This app injects information about template blocks into rendered templates. It is most useful for debugging the template structure of a complex Django project.
This should never be used in production, and will also break correct rendering of pages in development. Only use the tool for enhancing the page markup while examining the HTML source code.
In rendered templates, all invocations of
{% block %}
, {% endblock %}
and {{ block.super }}
are annotated with the name of the block and the current template.

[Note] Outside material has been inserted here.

(* Consider the PSSG described in the context in the FULL-FULL scenario: $k_1\mu_1>2L\lambda$ and $k_2\mu_2>2L\lambda$. Define $$\theta^L_2=-\frac{k_q q_1(2L)+k_l(x_2-x_1)}{k_p d},\qquad \theta^R_2=\frac{k_q q_2(2L)+k_l(x_2-x_1)}{k_p d}.$$ If $p_1-p_2\in[\theta^R_2,\,p_{\max}-p_{\min}]$, then at the Nash equilibrium of the PSSG every PEV selects station 2. If $p_1-p_2\in[p_{\min}-p_{\max},\,\theta^L_2]$, then at the Nash equilibrium of the PSSG every PEV selects station 1.
   Context: The system is the segment $[-L,L]$ ($L>0$) with two charging stations located at $x_1<x_2$, $-L<x_1<x_2<L$. Station $i\in\{1,2\}$ has $k_i\ge 1$ (integer) identical charging ports, PEV service times with mean $1/\mu_i$ ($\mu_i>0$) and variance $\sigma_i^2$, and announces a price $p_i\in[p_{\min},p_{\max}]$. A continuum of PEVs is uniformly distributed on $[-L,L]$, generating charging requests at rate $\lambda>0$ per unit length. Each PEV at location $x$ selects station 1 or 2, possibly at random; a strategy profile is described by the probability $\omega(x)\in[0,1]$ that the PEV at $x$ selects station 1. Let $a_1=\int_{-L}^{L}\omega(x)\,dx$ and $a_2=2L-a_1$. For $0\le a<k_i\mu_i/\lambda$, $$q_i(a)=\frac{a\lambda\,(\sigma_i^2+\frac{1}{\mu_i^2})\,\rho^{k_i-1}}{2(k_i-1)!\,(k_i-\rho)^2\Big[\sum_{m=0}^{k_i-1}\frac{\rho^m}{m!}+\frac{\rho^{k_i}}{(k_i-1)!(k_i-\rho)}\Big]},\qquad \rho=\frac{a\lambda}{\mu_i},$$ is the mean waiting time at station $i$, and $q_i(a)=+\infty$ if $a\ge k_i\mu_i/\lambda$. Given $a_1,a_2$ (which a single PEV cannot change), a PEV at $x$ selecting station $i$ gets payoff $U(i;x)=-k_l|x-x_i|-k_q\,q_i(a_i)-k_p\,d\,p_i$, with constants $k_l,k_q,k_p,d>0$; a randomized choice yields the expected payoff. A Nash equilibrium of the PSSG is a profile in which every PEV's (possibly mixed) choice maximizes its expected payoff given $a_1,a_2$. *)

theory Defs
  imports "HOL-Analysis.Analysis"
begin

The template name also includes the template inheritance path
through the hierarchy created with {% extends %}
.
Install the django-template-unwind Python package:
pip install -e git+git://github.com/akaihola/django-template-unwind.git#egg=template_unwind
Add django-template-unwind to INSTALLED_APPS
in your project settings:
INSTALLED_APPS = ( # ... # 'template_unwind', # ... )

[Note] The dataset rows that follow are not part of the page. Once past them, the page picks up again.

(* Consider the commutative algebra of Laurent polynomials in nonzero variables $a,b,c,d,e$ with coefficients polynomial in parameters $G_1,G_2$, equipped with the log-canonical Poisson bracket determined by $\{a,b\}=ab$, $\{a,c\}=0$, $\{a,d\}=-\tfrac12 ad$, $\{a,e\}=\tfrac12 ae$, $\{b,c\}=0$, $\{b,d\}=-\tfrac12 bd$, $\{b,e\}=\tfrac12 be$, $\{c,d\}=-\tfrac12 cd$, $\{c,e\}=\tfrac12 ce$, $\{d,e\}=0$, and $\{G_1,\cdot\}=\{G_2,\cdot\}=0$. Then $G_1$, $G_2$ and $de$ are Casimir elements and the generic symplectic leaves are $4$-dimensional. Moreover, the functions $$x_1=-e\frac{a}{c}-d\frac{b}{c},\qquad x_2=-e\frac{b}{c}-G_1 d\frac{b}{a}-d\frac{b^2}{ac}-d\frac{c}{a},\qquad x_3=-G_2\frac{c}{b}-G_1\frac{c}{a}-\frac{b}{a}-\frac{c^2}{ab}-\frac{a}{b}$$ Poisson commute with $e$ and satisfy the cubic relation (the $PV$ monodromy cubic with $G_3=e$, $G_\infty=d$) $$x_1x_2x_3+x_1^2+x_2^2-(G_1G_\infty+G_2G_3)x_1-(G_2G_\infty+G_1G_3)x_2-G_3G_\infty x_3+G_\infty^2+G_3^2+G_1G_2G_3G_\infty=0.$$
   Context: A log-canonical bracket is extended from the generators to all Laurent polynomials by bilinearity, antisymmetry and the Leibniz rule. Geometrically, $a,b,c,d,e$ are $\lambda$-lengths of a complete system of arcs on a Riemann sphere with three holes and two bordered cusps on one of the holes, and $G_1,G_2$ encode the perimeters of the two holes without cusps; this interpretation is not needed for the claim. *)

theory Defs
  imports "HOL-Analysis.Analysis"
begin

datatype var = va | vb | vc | vd | ve | vG1 | vG2

lemma UNIV_var: "(UNIV :: var set) = {va, vb, vc, vd, ve, vG1, vG2}"
  by (auto intro: var.exhaust)

instance var :: finite
  by standard (simp add: UNIV_var)

text \<open>Structure constants of the log-canonical bracket: {x_i,x_j} = om i j * x_i * x_j.\<close>
fun om :: "var \<Rightarrow> var \<Rightarrow> real" where
  "om va vb = 1" | "om vb va = -1"
| "om va vd = -1/2" | "om vd va = 1/2"
| "om va ve = 1/2" | "om ve va = -1/2"
| "om vb vd = -1/2" | "om vd vb = 1/2"
| "om vb ve = 1/2" | "om ve vb = -1/2"
| "om vc vd = -1/2" | "om vd vc = 1/2"
| "om vc ve = 1/2" | "om ve vc = -1/2"
| "om _ _ = 0"

definition torus :: "(real^var) set" where
  "torus = {p. p$va \<noteq> 0 \<and> p$vb \<noteq> 0 \<and> p$vc \<noteq> 0 \<and> p$vd \<noteq> 0 \<and> p$ve \<noteq> 0}"

definition poisson_matrix :: "real^var \<Rightarrow> real^var^var" where
  "poisson_matrix p = (\<chi> i j. om i j * p$i * p$j)"

definition pd :: "var \<Rightarrow> (real^var \<Rightarrow> real) \<Rightarrow> real^var \<Rightarrow> real" where
  "pd i f p = deriv (\<lambda>t. f (p + t *\<^sub>R axis i 1)) 0"

text \<open>The bracket, extended from generators by bilinearity, antisymmetry and Leibniz.\<close>
definition pbracket :: "(real^var \<Rightarrow> real) \<Rightarrow> (real^var \<Rightarrow> real) \<Rightarrow> real^var \<Rightarrow> real" where
  "pbracket f g p = (\<Sum>i\<in>UNIV. \<Sum>j\<in>UNIV. poisson_matrix p $ i $ j * pd i f p * pd j g p)"

definition casimir :: "(real^var \<Rightarrow> real) \<Rightarrow> bool" where
  "casimir F \<longleftrightarrow> (\<forall>g. (\<forall>p\<in>torus. g differentiable (at p)) \<longrightarrow> (\<forall>p\<in>torus. pbracket F g p = 0))"

definition x1 :: "real^var \<Rightarrow> real" where
  "x1 p = (let a = p$va; b = p$vb; c = p$vc; d = p$vd; e = p$ve in
     - e * a / c - d * b / c)"

definition x2 :: "real^var \<Rightarrow> real" where
  "x2 p = (let a = p$va; b = p$vb; c = p$vc; d = p$vd; e = p$ve; G1 = p$vG1 in
     - e * b / c - G1 * d * b / a - d * b^2 / (a * c) - d * c / a)"

definition x3 :: "real^var \<Rightarrow> real" where
  "x3 p = (let a = p$va; b = p$vb; c = p$vc; G1 = p$vG1; G2 = p$vG2 in
     - G2 * c / b - G1 * c / a - b / a - c^2 / (a * b) - a / b)"

end

theory Submission
  imports Defs
begin

text \<open>
G1 and G2 have zero rows in the Poisson matrix, and the rows of d and e are proportional
with opposite signs, which makes de a Casimir. At every point of the torus the rows of
a, b, c, d are independent while the remaining rows lie in their span, so the rank is
4 throughout. The bracket with e is e/2 times the Euler derivation
a d/da + b d/db + c d/dc, and x1, x2, x3 are homogeneous of degree 0 in (a, b, c), so
they commute with e. The cubic relation is an identity of rational functions.
\<close>

lemma pd_eqI:
  "((\<lambda>t. f (p + t *\<^sub>R axis i 1)) has_real_derivative D) (at 0) \<Longrightarrow> pd i f p = D"
  unfolding pd_def by (rule DERIV_imp_deriv)

lemma line_has_real_derivative:
  assumes "(f has_derivative f') (at p)"
  shows "((\<lambda>t. f (p + t *\<^sub>R v)) has_real_derivative f' v) (at 0)"
proof -
  have "((\<lambda>t. p + t *\<^sub>R v) has_derivative (\<lambda>t. t *\<^sub>R v)) (at 0)"
    by (auto intro!: derivative_eq_intros)
  from has_derivative_compose[OF this] assms
  have "((\<lambda>t. f (p + t *\<^sub>R v)) has_derivative (\<lambda>t. f' (t *\<^sub>R v))) (at 0)" by simp
  then show ?thesis
    by (rule has_derivative_imp_has_field_derivative)
       (simp add: linear_scale[OF has_derivative_linear[OF assms]])
qed

lemma pd_has_derivative:
  assumes "(f has_derivative f') (at p)"
  shows "pd i f p = f' (axis i 1)"
  by (rule pd_eqI) (rule line_has_real_derivative[OF assms])

lemma has_derivative_eq_sum_pd:
  assumes "(f has_derivative f') (at p)"
  shows "f' v = (\<Sum>i\<in>UNIV. v$i * pd i f p)"
proof -
  have "f' v = f' (\<Sum>i\<in>UNIV. v$i *\<^sub>R axis i 1)"
    using basis_expansion[of v] by (simp add: scalar_mult_eq_scaleR)
  also have "\<dots> = (\<Sum>i\<in>UNIV. v$i * f' (axis i 1))"
    using has_derivative_linear[OF assms] by (simp add: linear_sum linear_scale)
  finally show ?thesis by (simp add: pd_has_derivative[OF assms])
qed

Open a page while adding one of the following GET parameters to the url:
http://localhost:8000/page-url/?unwind-template-as=comments http://localhost:8000/page-url/?unwind-template-as=elements
When using the comments
format,
you'll see HTML comments in the source code of the rendered page:
<!-- {% block myblock [mypage.html] %} --> <!-- {% endblock myblock [mypage.html] %} --> <!-- {{ block.super myblock [mypage.html] }} --> <!-- {% /block.super myblock [mypage.html] %} -->
For the elements
format, custom HTML tags are used instead.

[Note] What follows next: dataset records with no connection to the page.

(* Let $d>0$, $a\ge0$, $r>0$ and $0<x_1<L$. Then $$\lim_{\xi\to+\infty}\lambda_1\big(d,a,r-\xi\chi_{(x_1,L]},(0,L)\big)=\lambda_1^D\big(d,a,r,(0,x_1)\big).$$
   Context: $\chi_{(x_1,L]}(x)=1$ for $x_1<x\le L$ and $0$ for $0\le x\le x_1$. For $0\le y_1<y_2\le L$ and bounded $s$, $\lambda_1(d,a,s,(y_1,y_2))$ denotes the principal eigenvalue (the eigenvalue with a positive eigenfunction) of $d\varphi''-a\varphi'+s(x)\varphi=\lambda\varphi$ on $(y_1,y_2)$, $d\varphi'(y_1)-a\varphi(y_1)=\varphi'(y_2)=0$. $\lambda_1^D(d,a,r,(y_1,y_2))$ denotes the principal eigenvalue of $d\varphi''-a\varphi'+r\varphi=\lambda\varphi$ on $(y_1,y_2)$ with $d\varphi'(y_1)-a\varphi(y_1)=0$ and $\varphi(y_2)=0$. *)

theory Defs
  imports "HOL-Analysis.Analysis"
begin

definition chi :: "real \<Rightarrow> real \<Rightarrow> real \<Rightarrow> real" where
  "chi x1 L x = (if x1 < x \<and> x \<le> L then 1 else 0)"

text \<open>Strong (W^{2,\<infinity>}) solution of  d phi'' - a phi' + s phi = lam phi  on [y1,y2]:
  phi is C^1 on [y1,y2] with derivative phi' (one-sided at the endpoints), and
  d (phi'(x) - phi'(y1)) = integral over [y1,x] of (a phi' + (lam - s) phi).\<close>
definition is_eigsol ::
  "real \<Rightarrow> real \<Rightarrow> (real \<Rightarrow> real) \<Rightarrow> real \<Rightarrow> real \<Rightarrow> real \<Rightarrow> (real \<Rightarrow> real) \<Rightarrow> (real \<Rightarrow> real) \<Rightarrow> bool" where
  "is_eigsol d a s y1 y2 lam phi phi' \<longleftrightarrow>
     (\<forall>x\<in>{y1..y2}. (phi has_real_derivative phi' x) (at x within {y1..y2})) \<and>
     continuous_on {y1..y2} phi' \<and>
     (\<forall>x\<in>{y1..y2}. ((\<lambda>t. a * phi' t + (lam - s t) * phi t) has_integral
                         d * (phi' x - phi' y1)) {y1..x})"

definition lambda1 :: "real \<Rightarrow> real \<Rightarrow> (real \<Rightarrow> real) \<Rightarrow> real \<Rightarrow> real \<Rightarrow> real" where
  "lambda1 d a s y1 y2 = (THE lam. \<exists>phi phi'. is_eigsol d a s y1 y2 lam phi phi' \<and>
       (\<forall>x\<in>{y1<..<y2}. phi x > 0) \<and>
       d * phi' y1 - a * phi y1 = 0 \<and> phi' y2 = 0)"

definition lambda1D :: "real \<Rightarrow> real \<Rightarrow> real \<Rightarrow> real \<Rightarrow> real \<Rightarrow> real" where
  "lambda1D d a r y1 y2 = (THE lam. \<exists>phi phi'. is_eigsol d a (\<lambda>_. r) y1 y2 lam phi phi' \<and>
       (\<forall>x\<in>{y1<..<y2}. phi x > 0) \<and>
       d * phi' y1 - a * phi y1 = 0 \<and> phi y2 = 0)"

end

theory Submission
  imports Defs "HOL-Real_Asymp.Real_Asymp"
begin

text \<open>Write k = a / (2 d). On [0, x1] the potential is r, and the solutions satisfying the Robin
  condition at 0 are multiples of e^(kx) (w cos (wx) + k sin (wx)), with eigenvalue r - d k^2 - d w^2.
  On [x1, L] the potential is r - \<xi>, and the solutions with the same eigenvalue satisfying the
  Neumann condition at L are multiples of e^(kx) ((n + k) e^(n (L - x)) + (n - k) e^(-n (L - x))),
  where \<xi> = d (n^2 + w^2). A positive eigenfunction determines its eigenvalue (Sturm comparison).
  Hence the Dirichlet eigenvalue is r - d k^2 - d wD^2, where wD x1 = \<pi>/2 + arctan (k / wD) is the
  frequency at which the trigonometric solution first vanishes at x1, and \<lambda>1(\<xi>) = r - d k^2 - d w^2
  for any w < wD at which the two pieces glue to a C^1 function at x1. The Wronskian of the pieces at
  x1 is negative for w = wD, and for any fixed w0 < wD it is positive at w0 once \<xi> is large, since
  n ~ sqrt (\<xi> / d) makes the hyperbolic piece steep. The intermediate value theorem gives a gluing
  frequency in (w0, wD), so \<lambda>1(\<xi>) is squeezed between r - d k^2 - d wD^2 and r - d k^2 - d w0^2.\<close>

lemma is_eigsolI:
  fixes phi phi' :: "real \<Rightarrow> real"
  assumes "y1 \<le> y2" and d: "d \<noteq> 0"
    and deriv: "\<And>x. x \<in> {y1..y2} \<Longrightarrow> (phi has_real_derivative phi' x) (at x within {y1..y2})"
    and cont: "continuous_on {y1..y2} phi'"
    and ode: "\<And>x. y1 < x \<Longrightarrow> x < y2 \<Longrightarrow> x \<noteq> p \<Longrightarrow>
        (phi' has_real_derivative (a * phi' x + (lam - s x) * phi x) / d) (at x)"
  shows "is_eigsol d a s y1 y2 lam phi phi'"
  unfolding is_eigsol_def
proof (intro conjI ballI deriv cont)
  fix x assume x: "x \<in> {y1..y2}"
  have "((\<lambda>t. a * phi' t + (lam - s t) * phi t) has_integral (d * phi' x - d * phi' y1)) {y1..x}"
  proof (rule fundamental_theorem_of_calculus_interior_strong[where S="{p}"])
    show "continuous_on {y1..x} (\<lambda>t. d * phi' t)"
      using x by (intro continuous_intros continuous_on_subset[OF cont]) auto
    fix t assume t: "t \<in> {y1<..<x} - {p}"
    have "((\<lambda>t. d * phi' t) has_real_derivative d * ((a * phi' t + (lam - s t) * phi t) / d)) (at t)"
      using t x by (intro DERIV_cmult ode) auto
    then show "((\<lambda>t. d * phi' t) has_vector_derivative a * phi' t + (lam - s t) * phi t) (at t)"
      using d by (simp add: has_real_derivative_iff_has_vector_derivative)
  qed (use x in auto)
  then show "((\<lambda>t. a * phi' t + (lam - s t) * phi t) has_integral d * (phi' x - phi' y1)) {y1..x}"
    by (simp add: algebra_simps)
qed

lemma is_eigsol_second_derivative:
  assumes E: "is_eigsol d a s y1 y2 lam f f'" and d: "d \<noteq> 0"
    and t: "y1 < t" "t < y2" and s: "isCont s t"
  shows "(f' has_real_derivative (a * f' t + (lam - s t) * f t) / d) (at t)"
proof -
  define F where "F = (\<lambda>u. a * f' u + (lam - s u) * f u)"
  have f: "\<forall>x\<in>{y1..y2}. (f has_real_derivative f' x) (at x within {y1..y2})"
   and f': "continuous_on {y1..y2} f'"
   and F: "\<forall>x\<in>{y1..y2}. (F has_integral d * (f' x - f' y1)) {y1..x}"
    using E unfolding is_eigsol_def F_def by auto
  have t_in: "t \<in> {y1..y2}" and at_t: "at t within {y1..y2} = at t"
    using t by (auto simp: at_within_Icc_at)
  have "continuous (at t) F"
    unfolding F_def using f'[unfolded continuous_on_eq_continuous_within, rule_format, OF t_in]
      DERIV_continuous[OF f[rule_format, OF t_in]] s at_t
    by (auto intro!: continuous_intros)
  then have "((\<lambda>u. integral {y1..u} F) has_vector_derivative F t) (at t within {y1..y2})"
    using integral_has_vector_derivative_continuous_at[of F y1 y2 t "{}"] F[rule_format, of y2] t_in
    by (auto intro: continuous_at_imp_continuous_at_within)
  then have "((\<lambda>u. f' y1 + integral {y1..u} F / d) has_real_derivative F t / d) (at t)"
    using d by (auto intro!: derivative_eq_intros
        simp: at_t has_real_derivative_iff_has_vector_derivative[symmetric])
  then have "(f' has_real_derivative F t / d) (at t)"
  proof (rule has_field_derivative_transform_within_open[where S="{y1<..<y2}"])
    fix x assume "x \<in> {y1<..<y2}"
    then show "f' y1 + integral {y1..x} F / d = f' x"
      using integral_unique[OF F[rule_format, of x]] d by (simp add: field_simps)
  qed (use t in auto)
  then show ?thesis unfolding F_def .
qed

lemma DERIV_pos_imp_increasing_except:
  fixes G :: "real \<Rightarrow> real"
  assumes "y1 < y2" "continuous_on {y1..y2} G"
    and "\<And>t. y1 < t \<Longrightarrow> t < y2 \<Longrightarrow> t \<noteq> p \<Longrightarrow> \<exists>D. DERIV G t :> D \<and> D > 0"
  shows "G y1 < G y2"
proof (cases "y1 < p \<and> p < y2")
  case True
  have "G y1 < G p"
    by (rule DERIV_pos_imp_increasing_open) (use True assms in \<open>auto intro: continuous_on_subset\<close>)
  also have "G p < G y2"
    by (rule DERIV_pos_imp_increasing_open) (use True assms in \<open>auto intro: continuous_on_subset\<close>)
  finally show ?thesis .
next
  case False
  show ?thesis
    by (rule DERIV_pos_imp_increasing_open) (use False assms in auto)
qed

text \<open>Sturm comparison: the weighted Wronskian exp (-a x / d) (f' g - g' f) has derivative
  exp (-a x / d) (l1 - l2) f g / d, so it cannot vanish at both ends if l1 > l2.\<close>
lemma positive_eigensol_eigenvalue_le:
  assumes y: "y1 < y2" and d: "d > 0"
    and Ef: "is_eigsol d a s y1 y2 l1 f f'" and Eg: "is_eigsol d a s y1 y2 l2 g g'"
    and f_pos: "\<forall>x\<in>{y1<..<y2}. f x > 0" and g_pos: "\<forall>x\<in>{y1<..<y2}. g x > 0"
    and s: "\<And>t. y1 < t \<Longrightarrow> t < y2 \<Longrightarrow> t \<noteq> p \<Longrightarrow> isCont s t"
    and W1: "f' y1 * g y1 = g' y1 * f y1" and W2: "f' y2 * g y2 = g' y2 * f y2"
  shows "l1 \<le> l2"
proof (rule ccontr)
  assume "\<not> l1 \<le> l2"
  then have l: "l1 > l2" by simp
  define W where "W = (\<lambda>x. exp (- (a / d) * x) * (f' x * g x - g' x * f x))"
  have df: "\<forall>x\<in>{y1..y2}. (f has_real_derivative f' x) (at x within {y1..y2})"
   and cf': "continuous_on {y1..y2} f'"
   and dg: "\<forall>x\<in>{y1..y2}. (g has_real_derivative g' x) (at x within {y1..y2})"
   and cg': "continuous_on {y1..y2} g'"
    using Ef Eg unfolding is_eigsol_def by auto
  have "continuous_on {y1..y2} f" "continuous_on {y1..y2} g"
    using df dg by (meson DERIV_continuous continuous_on_eq_continuous_within)+
  then have "continuous_on {y1..y2} W"
    unfolding W_def by (intro continuous_intros cf' cg')
  then have "W y1 < W y2"
  proof (rule DERIV_pos_imp_increasing_except[OF y])
    fix t assume t: "y1 < t" "t < y2" "t \<noteq> p"
    have at_t: "at t within {y1..y2} = at t" using t by (simp add: at_within_Icc_at)
    have derivs: "(f has_real_derivative f' t) (at t)" "(g has_real_derivative g' t) (at t)"
      "(f' has_real_derivative (a * f' t + (l1 - s t) * f t) / d) (at t)"
      "(g' has_real_derivative (a * g' t + (l2 - s t) * g t) / d) (at t)"
      using df[rule_format, of t] dg[rule_format, of t] t at_t
        is_eigsol_second_derivative[OF _ _ t(1,2) s[OF t]] Ef Eg d by auto
    have "(W has_real_derivative exp (- (a / d) * t) * ((l1 - l2) * f t * g t / d)) (at t)"
      unfolding W_def
      by (rule derivative_eq_intros derivs | simp)+ (use d in \<open>simp add: field_simps\<close>)
    moreover have "exp (- (a / d) * t) * ((l1 - l2) * f t * g t / d) > 0"
      using l d f_pos g_pos t by simp
    ultimately show "\<exists>D. (W has_real_derivative D) (at t) \<and> D > 0" by blast
  qed
  moreover have "W y1 = 0" "W y2 = 0" unfolding W_def using W1 W2 by auto
  ultimately show False by simp
qed

lemma positive_robin_eigensol_eigenvalue_unique:
  assumes y: "y1 < y2" and d: "d > 0"
    and Ef: "is_eigsol d a s y1 y2 l1 f f'" and Eg: "is_eigsol d a s y1 y2 l2 g g'"
    and f_pos: "\<forall>x\<in>{y1<..<y2}. f x > 0" and g_pos: "\<forall>x\<in>{y1<..<y2}. g x > 0"
    and s: "\<And>t. y1 < t \<Longrightarrow> t < y2 \<Longrightarrow> t \<noteq> p \<Longrightarrow> isCont s t"
    and f_robin: "d * f' y1 - a * f y1 = 0" and g_robin: "d * g' y1 - a * g y1 = 0"
    and W2: "f' y2 * g y2 = g' y2 * f y2"
  shows "l1 = l2"
proof -
  have "d * (f' y1 * g y1 - g' y1 * f y1) = (d * f' y1) * g y1 - (d * g' y1) * f y1"
    by (simp add: algebra_simps)
  also have "\<dots> = 0" using f_robin g_robin by (simp add: algebra_simps)
  finally have W1: "f' y1 * g y1 = g' y1 * f y1" using d by simp
  show ?thesis
    using positive_eigensol_eigenvalue_le[where p=p, OF y d Ef Eg f_pos g_pos s W1 W2]
      positive_eigensol_eigenvalue_le[where p=p, OF y d Eg Ef g_pos f_pos s W1[symmetric] W2[symmetric]]
    by simp
qed

lemma lambda1_eqI:
  assumes y: "y1 < y2" and d: "d > 0"
    and s: "\<And>t. y1 < t \<Longrightarrow> t < y2 \<Longrightarrow> t \<noteq> p \<Longrightarrow> isCont s t"
    and E: "is_eigsol d a s y1 y2 lam phi phi'" and pos: "\<forall>x\<in>{y1<..<y2}. phi x > 0"
    and robin: "d * phi' y1 - a * phi y1 = 0" and neumann: "phi' y2 = 0"
  shows "lambda1 d a s y1 y2 = lam"
  unfolding lambda1_def
proof (rule the_equality)
  show "\<exists>phi phi'. is_eigsol d a s y1 y2 lam phi phi' \<and> (\<forall>x\<in>{y1<..<y2}. phi x > 0) \<and>
      d * phi' y1 - a * phi y1 = 0 \<and> phi' y2 = 0"
    using E pos robin neumann by blast
  fix l assume "\<exists>g g'. is_eigsol d a s y1 y2 l g g' \<and> (\<forall>x\<in>{y1<..<y2}. g x > 0) \<and>
      d * g' y1 - a * g y1 = 0 \<and> g' y2 = 0"
  then obtain g g' where Eg: "is_eigsol d a s y1 y2 l g g'" and g_pos: "\<forall>x\<in>{y1<..<y2}. g x > 0"
    and g_robin: "d * g' y1 - a * g y1 = 0" and g_neumann: "g' y2 = 0" by blast
  have W2: "g' y2 * phi y2 = phi' y2 * g y2" by (simp add: g_neumann neumann)
  show "l = lam"
    by (rule positive_robin_eigensol_eigenvalue_unique[where p=p, OF y d Eg E g_pos pos s g_robin robin W2])
qed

This works well with browsers' developer tools
which show the DOM in a properly indented and foldable view:
<django:block name="myblock" template="mypage.html"> </django:block> <django:block-super name="myblock" template="mypage.html"> </django:block-super>
In both formats, a special syntax is used for one-line blocks which don't contain HTML tags:
<body class="{% block myblock [mypage.html] %}myclass{% endblock %}">
This avoids breaking the rendering too much.